───── MATERIAL SHOWN ─────

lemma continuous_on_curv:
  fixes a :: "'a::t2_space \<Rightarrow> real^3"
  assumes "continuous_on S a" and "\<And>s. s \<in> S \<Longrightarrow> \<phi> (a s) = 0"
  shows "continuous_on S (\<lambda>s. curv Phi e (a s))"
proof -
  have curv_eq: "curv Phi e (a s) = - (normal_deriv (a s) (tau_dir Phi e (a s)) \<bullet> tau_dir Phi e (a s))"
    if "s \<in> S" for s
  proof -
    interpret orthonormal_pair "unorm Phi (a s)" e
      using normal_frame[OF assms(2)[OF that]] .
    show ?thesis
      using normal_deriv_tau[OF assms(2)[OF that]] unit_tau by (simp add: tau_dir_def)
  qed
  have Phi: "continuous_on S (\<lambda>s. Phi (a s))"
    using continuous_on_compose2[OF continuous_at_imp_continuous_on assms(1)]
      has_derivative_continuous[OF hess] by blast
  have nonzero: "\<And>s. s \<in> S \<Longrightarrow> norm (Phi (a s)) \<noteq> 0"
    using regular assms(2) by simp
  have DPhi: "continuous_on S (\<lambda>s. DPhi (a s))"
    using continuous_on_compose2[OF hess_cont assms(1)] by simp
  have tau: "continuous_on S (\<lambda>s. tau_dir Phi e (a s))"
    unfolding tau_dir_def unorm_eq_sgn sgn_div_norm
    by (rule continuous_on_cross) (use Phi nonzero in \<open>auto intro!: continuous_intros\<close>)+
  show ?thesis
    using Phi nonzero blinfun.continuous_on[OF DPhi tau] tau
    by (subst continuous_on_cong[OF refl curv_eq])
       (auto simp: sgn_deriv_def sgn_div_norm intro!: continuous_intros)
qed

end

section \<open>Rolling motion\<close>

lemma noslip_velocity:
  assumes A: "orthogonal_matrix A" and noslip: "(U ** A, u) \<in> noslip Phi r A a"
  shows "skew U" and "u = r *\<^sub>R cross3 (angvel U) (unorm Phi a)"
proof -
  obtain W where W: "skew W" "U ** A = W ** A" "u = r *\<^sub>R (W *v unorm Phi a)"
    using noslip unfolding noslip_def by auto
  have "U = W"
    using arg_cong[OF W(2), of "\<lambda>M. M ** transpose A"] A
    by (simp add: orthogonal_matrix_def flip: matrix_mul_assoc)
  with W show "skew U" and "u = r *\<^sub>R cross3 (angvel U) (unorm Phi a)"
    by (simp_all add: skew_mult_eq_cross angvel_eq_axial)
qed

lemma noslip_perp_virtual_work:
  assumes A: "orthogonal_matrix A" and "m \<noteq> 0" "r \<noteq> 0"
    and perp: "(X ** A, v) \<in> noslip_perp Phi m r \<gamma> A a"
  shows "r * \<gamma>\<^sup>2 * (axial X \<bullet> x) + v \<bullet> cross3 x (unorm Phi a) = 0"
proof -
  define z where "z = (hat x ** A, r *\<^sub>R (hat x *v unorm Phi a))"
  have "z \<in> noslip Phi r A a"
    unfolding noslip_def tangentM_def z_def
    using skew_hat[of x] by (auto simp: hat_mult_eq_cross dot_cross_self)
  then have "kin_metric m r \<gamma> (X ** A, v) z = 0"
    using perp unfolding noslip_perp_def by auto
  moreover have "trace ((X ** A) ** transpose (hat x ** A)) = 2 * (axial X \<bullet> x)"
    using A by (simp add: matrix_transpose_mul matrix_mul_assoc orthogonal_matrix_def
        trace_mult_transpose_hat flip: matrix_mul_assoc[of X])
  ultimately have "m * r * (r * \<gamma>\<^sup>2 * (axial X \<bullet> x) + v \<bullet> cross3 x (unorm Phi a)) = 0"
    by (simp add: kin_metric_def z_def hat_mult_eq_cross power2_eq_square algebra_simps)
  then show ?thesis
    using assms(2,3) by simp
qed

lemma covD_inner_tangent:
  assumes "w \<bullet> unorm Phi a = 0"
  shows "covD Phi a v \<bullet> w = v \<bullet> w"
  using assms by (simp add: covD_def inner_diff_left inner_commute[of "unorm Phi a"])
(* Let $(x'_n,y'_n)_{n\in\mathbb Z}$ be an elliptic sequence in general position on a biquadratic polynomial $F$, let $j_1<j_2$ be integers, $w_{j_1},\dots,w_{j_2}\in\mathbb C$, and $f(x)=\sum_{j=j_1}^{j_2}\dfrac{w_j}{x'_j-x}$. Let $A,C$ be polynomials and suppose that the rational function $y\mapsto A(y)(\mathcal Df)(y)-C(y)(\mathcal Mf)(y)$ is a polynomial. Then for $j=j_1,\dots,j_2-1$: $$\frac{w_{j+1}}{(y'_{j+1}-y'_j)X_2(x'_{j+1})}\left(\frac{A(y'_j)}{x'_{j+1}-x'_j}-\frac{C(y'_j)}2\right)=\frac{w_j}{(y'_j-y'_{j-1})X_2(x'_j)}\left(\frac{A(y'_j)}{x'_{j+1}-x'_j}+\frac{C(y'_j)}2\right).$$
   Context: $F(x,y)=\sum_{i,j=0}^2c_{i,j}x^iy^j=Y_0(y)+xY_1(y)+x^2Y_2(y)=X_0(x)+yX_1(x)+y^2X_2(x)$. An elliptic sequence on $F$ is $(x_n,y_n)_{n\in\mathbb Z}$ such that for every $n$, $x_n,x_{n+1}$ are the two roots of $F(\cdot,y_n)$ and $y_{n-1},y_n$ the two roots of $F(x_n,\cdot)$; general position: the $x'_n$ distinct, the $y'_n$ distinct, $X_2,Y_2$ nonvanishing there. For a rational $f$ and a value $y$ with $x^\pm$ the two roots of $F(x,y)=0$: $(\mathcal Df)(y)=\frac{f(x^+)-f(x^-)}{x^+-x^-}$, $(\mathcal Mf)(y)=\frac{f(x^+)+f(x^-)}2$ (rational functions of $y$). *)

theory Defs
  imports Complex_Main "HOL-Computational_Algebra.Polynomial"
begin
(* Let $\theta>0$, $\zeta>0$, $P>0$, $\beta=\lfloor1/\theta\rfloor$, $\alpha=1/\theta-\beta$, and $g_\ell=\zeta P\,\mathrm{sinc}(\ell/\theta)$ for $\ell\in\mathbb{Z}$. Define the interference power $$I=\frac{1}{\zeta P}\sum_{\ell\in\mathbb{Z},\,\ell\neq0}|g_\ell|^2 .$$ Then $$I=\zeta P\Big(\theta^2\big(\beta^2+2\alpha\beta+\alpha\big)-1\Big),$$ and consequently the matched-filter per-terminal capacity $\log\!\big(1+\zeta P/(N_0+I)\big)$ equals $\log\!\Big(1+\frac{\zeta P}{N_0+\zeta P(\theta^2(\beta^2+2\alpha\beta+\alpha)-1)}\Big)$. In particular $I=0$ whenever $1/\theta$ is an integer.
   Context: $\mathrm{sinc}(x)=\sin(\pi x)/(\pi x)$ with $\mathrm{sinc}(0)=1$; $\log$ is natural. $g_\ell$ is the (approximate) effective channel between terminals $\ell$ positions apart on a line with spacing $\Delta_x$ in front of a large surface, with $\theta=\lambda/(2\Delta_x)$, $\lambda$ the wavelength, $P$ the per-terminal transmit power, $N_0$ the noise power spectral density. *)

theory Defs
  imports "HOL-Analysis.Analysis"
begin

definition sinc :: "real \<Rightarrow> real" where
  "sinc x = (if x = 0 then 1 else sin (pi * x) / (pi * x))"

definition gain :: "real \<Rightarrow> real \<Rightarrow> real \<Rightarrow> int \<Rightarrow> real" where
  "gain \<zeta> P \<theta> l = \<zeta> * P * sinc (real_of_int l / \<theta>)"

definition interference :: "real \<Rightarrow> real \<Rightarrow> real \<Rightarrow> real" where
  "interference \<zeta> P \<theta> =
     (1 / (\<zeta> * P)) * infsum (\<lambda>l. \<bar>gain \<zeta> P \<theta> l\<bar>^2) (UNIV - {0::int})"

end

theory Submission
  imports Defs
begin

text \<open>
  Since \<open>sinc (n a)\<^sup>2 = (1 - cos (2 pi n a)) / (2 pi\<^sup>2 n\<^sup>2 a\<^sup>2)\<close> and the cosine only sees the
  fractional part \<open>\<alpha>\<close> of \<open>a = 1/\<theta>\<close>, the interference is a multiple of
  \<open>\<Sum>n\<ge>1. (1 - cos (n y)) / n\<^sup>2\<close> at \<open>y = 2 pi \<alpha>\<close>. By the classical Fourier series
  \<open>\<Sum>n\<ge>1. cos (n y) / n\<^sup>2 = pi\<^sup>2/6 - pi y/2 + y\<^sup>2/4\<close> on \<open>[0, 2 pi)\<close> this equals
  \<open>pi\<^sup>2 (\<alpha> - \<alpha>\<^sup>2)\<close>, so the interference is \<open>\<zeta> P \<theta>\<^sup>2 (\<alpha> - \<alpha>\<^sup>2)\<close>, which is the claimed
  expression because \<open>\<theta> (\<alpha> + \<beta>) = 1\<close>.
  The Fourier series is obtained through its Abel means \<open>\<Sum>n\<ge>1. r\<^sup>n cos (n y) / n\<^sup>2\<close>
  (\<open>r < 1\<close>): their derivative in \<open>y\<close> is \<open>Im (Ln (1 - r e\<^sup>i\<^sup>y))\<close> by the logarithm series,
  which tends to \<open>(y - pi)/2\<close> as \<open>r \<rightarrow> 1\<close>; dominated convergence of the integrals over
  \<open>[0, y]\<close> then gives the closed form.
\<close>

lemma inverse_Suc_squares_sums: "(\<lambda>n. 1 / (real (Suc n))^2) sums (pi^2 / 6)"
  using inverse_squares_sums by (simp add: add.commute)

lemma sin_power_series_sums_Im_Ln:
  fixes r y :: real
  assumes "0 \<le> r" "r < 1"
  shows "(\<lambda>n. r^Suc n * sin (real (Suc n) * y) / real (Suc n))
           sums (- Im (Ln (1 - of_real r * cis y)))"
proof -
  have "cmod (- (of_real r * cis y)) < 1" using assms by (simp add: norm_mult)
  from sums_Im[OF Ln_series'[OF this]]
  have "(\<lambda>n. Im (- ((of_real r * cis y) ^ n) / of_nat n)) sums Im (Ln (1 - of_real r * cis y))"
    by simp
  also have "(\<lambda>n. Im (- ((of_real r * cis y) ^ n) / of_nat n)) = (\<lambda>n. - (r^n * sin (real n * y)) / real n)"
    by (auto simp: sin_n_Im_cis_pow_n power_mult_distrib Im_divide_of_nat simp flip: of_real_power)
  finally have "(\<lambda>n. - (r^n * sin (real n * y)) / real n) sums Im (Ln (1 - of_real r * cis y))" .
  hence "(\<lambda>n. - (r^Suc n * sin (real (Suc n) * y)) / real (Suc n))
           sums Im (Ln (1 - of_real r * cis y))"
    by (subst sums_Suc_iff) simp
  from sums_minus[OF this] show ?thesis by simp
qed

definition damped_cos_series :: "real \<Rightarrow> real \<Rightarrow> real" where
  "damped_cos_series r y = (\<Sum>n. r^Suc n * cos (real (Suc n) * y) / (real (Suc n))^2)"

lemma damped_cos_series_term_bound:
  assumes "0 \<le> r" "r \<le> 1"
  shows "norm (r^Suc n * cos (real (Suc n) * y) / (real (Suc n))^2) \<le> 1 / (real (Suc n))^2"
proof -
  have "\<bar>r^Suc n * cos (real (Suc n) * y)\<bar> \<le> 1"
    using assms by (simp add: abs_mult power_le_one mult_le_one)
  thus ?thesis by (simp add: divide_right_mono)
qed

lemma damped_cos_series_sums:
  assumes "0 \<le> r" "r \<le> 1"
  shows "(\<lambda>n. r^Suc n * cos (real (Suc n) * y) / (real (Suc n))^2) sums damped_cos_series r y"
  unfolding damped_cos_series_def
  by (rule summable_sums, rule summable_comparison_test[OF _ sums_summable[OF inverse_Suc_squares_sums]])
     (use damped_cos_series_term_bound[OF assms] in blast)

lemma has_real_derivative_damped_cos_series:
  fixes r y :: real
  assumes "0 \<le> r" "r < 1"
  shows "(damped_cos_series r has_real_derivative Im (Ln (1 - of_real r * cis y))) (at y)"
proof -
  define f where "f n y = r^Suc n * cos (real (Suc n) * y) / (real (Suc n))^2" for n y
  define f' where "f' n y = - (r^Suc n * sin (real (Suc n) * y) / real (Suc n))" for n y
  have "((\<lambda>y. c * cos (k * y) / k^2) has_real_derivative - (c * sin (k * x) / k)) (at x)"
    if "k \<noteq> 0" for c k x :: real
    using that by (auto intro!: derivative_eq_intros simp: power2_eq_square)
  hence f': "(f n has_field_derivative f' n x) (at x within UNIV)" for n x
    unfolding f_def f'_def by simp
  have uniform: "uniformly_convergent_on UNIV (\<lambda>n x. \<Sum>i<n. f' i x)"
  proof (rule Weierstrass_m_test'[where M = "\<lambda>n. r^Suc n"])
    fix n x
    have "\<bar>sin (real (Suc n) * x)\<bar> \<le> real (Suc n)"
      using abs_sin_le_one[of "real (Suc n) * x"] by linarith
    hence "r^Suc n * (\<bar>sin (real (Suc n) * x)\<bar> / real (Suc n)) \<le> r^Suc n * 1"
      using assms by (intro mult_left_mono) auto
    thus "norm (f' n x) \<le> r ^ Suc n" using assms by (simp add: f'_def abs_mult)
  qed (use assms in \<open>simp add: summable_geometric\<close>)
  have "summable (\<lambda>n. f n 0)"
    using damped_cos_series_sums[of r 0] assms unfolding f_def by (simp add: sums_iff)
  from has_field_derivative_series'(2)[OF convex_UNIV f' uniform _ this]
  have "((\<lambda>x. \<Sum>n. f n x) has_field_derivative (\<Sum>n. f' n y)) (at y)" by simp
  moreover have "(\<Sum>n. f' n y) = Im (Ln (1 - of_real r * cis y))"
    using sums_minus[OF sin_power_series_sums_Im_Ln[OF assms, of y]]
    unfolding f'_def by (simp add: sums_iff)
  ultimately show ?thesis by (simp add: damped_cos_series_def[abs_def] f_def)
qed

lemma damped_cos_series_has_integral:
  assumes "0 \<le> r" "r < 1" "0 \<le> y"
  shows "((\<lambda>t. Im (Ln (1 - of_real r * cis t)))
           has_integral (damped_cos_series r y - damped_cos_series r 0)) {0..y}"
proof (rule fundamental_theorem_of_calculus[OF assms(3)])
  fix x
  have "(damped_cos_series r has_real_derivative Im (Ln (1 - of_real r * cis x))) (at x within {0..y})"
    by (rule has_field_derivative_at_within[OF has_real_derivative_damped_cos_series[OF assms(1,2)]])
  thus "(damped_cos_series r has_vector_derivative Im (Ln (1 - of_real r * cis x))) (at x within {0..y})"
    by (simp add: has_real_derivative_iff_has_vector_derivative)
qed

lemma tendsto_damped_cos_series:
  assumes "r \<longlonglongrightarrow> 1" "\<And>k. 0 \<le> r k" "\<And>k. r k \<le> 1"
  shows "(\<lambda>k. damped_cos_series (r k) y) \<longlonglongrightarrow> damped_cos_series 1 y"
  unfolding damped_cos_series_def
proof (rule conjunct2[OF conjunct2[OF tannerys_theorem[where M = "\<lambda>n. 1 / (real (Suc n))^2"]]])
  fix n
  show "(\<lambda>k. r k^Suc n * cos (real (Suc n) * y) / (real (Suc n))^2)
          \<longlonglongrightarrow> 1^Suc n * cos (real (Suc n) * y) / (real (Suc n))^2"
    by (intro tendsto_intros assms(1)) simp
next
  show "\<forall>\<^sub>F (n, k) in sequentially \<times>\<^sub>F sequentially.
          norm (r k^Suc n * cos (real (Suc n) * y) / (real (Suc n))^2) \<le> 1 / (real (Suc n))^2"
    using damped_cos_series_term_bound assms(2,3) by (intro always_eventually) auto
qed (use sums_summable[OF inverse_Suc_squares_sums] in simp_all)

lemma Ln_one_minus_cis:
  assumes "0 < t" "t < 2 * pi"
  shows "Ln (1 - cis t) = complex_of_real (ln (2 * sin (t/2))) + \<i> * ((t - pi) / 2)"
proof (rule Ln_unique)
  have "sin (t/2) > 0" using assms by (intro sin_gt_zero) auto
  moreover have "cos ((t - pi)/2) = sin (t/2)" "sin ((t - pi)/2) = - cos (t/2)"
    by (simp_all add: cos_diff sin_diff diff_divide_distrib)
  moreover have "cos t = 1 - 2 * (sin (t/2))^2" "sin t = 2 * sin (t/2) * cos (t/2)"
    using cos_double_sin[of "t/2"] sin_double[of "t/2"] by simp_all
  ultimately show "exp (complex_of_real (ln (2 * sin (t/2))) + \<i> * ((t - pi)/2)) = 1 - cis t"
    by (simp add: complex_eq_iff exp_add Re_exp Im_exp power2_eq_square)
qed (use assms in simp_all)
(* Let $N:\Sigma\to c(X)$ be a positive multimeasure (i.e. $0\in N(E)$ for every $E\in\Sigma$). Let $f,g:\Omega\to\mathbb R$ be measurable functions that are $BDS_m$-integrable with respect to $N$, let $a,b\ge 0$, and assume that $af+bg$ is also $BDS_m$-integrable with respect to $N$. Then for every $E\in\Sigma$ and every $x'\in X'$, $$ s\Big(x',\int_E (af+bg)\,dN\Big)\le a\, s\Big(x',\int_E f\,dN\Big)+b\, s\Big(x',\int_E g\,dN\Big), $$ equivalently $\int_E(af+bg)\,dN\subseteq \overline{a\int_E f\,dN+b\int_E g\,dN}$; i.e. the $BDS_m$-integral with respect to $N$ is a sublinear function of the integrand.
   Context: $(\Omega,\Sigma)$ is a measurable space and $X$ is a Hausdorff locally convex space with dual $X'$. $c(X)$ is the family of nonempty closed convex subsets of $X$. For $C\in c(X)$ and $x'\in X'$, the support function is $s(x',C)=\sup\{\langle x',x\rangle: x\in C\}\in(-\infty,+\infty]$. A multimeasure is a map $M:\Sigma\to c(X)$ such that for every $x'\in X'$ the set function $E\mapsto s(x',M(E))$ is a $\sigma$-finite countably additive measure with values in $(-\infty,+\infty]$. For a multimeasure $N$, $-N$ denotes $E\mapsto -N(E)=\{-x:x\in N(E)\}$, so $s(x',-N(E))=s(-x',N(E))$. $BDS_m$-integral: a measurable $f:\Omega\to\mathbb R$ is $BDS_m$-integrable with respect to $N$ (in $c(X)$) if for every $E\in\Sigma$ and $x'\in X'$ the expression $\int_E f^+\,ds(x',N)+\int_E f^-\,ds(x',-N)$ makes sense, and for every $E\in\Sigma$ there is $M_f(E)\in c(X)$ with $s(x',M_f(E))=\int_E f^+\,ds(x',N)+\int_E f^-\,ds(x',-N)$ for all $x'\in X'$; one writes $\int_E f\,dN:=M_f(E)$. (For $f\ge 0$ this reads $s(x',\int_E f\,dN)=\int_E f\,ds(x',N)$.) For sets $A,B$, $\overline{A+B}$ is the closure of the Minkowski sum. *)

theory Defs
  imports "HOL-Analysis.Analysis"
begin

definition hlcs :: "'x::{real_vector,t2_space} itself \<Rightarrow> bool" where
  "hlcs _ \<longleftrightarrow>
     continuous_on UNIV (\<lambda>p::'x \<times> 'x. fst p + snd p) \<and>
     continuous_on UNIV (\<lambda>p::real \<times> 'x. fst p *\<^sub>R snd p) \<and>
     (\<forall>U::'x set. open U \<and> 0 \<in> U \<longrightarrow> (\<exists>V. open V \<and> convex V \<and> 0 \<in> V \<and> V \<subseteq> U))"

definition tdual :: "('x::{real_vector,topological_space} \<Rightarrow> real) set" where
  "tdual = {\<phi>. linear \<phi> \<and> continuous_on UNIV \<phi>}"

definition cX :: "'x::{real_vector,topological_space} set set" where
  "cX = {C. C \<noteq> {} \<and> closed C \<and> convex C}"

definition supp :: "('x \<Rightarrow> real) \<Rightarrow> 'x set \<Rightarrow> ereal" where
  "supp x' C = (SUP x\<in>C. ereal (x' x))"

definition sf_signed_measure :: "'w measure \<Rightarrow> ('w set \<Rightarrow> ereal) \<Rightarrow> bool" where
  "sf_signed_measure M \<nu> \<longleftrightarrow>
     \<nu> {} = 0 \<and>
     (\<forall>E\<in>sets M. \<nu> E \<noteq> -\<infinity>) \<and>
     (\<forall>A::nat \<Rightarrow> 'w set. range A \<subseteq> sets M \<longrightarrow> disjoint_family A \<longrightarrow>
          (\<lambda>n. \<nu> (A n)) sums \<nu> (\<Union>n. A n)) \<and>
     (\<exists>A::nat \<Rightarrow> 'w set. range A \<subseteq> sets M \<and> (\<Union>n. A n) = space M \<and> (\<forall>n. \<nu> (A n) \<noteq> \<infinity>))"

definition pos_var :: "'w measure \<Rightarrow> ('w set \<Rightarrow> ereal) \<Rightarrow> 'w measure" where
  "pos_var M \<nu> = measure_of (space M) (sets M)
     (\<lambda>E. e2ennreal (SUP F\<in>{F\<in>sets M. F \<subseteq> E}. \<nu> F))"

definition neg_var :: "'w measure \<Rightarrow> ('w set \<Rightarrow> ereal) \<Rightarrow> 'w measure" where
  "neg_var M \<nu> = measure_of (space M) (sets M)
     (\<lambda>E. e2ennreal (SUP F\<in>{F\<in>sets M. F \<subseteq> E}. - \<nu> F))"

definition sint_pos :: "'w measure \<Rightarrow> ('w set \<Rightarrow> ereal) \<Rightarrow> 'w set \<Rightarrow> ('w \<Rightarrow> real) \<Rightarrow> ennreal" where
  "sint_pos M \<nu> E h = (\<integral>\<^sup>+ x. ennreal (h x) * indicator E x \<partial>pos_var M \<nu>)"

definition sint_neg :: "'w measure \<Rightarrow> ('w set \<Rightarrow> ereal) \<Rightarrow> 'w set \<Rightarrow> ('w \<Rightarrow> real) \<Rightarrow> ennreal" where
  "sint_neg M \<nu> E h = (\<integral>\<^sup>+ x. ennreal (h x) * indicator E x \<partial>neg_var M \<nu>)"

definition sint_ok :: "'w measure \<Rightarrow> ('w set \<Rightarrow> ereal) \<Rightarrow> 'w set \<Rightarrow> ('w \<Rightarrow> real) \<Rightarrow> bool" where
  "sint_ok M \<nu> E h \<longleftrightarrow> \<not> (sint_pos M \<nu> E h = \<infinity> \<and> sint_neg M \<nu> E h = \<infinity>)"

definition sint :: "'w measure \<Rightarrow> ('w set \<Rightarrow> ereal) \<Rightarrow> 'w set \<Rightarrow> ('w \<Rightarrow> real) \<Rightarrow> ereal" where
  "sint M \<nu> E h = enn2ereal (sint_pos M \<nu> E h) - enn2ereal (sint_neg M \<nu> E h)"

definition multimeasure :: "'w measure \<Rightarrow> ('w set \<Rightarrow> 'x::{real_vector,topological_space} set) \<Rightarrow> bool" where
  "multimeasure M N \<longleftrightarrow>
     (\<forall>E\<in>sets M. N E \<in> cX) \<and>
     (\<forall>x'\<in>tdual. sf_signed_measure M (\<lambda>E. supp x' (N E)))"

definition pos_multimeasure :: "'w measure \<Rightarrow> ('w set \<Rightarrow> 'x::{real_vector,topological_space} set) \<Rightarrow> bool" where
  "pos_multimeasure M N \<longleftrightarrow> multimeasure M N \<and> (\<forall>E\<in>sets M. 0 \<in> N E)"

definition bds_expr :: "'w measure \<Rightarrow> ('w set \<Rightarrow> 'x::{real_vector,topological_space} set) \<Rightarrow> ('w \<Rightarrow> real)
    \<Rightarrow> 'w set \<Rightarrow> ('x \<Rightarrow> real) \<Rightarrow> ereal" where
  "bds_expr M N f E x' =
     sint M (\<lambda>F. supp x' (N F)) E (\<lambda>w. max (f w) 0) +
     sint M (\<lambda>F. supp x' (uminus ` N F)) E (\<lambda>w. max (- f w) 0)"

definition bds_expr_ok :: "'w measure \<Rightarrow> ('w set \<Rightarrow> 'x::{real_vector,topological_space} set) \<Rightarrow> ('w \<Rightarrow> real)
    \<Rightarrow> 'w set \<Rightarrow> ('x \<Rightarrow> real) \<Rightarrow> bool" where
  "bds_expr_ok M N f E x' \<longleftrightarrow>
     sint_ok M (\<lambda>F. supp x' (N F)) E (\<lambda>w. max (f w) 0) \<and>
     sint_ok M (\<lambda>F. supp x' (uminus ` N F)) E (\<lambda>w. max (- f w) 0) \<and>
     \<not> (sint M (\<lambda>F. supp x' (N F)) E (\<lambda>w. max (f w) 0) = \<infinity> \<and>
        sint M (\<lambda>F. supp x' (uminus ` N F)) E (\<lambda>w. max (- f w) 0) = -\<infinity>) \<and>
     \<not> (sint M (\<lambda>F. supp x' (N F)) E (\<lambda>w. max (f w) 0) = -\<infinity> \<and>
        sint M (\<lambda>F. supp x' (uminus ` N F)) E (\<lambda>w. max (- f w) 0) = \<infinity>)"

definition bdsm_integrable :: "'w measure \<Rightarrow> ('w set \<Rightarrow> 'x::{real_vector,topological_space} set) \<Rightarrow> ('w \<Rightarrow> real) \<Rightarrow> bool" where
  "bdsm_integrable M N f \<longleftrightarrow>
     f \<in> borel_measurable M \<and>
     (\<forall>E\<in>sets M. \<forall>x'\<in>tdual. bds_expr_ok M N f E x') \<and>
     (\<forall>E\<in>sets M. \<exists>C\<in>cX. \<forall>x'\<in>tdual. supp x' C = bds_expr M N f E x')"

─────

→ WHAT YOU SHOULD DO
Go through the entries above and copy every line containing "uniform".

→ SOLUTION TO THIS PROBLEM
  have uniform: "uniformly_convergent_on UNIV (\<lambda>n x. \<Sum>i<n. f' i x)"
  from has_field_derivative_series'(2)[OF convex_UNIV f' uniform _ this]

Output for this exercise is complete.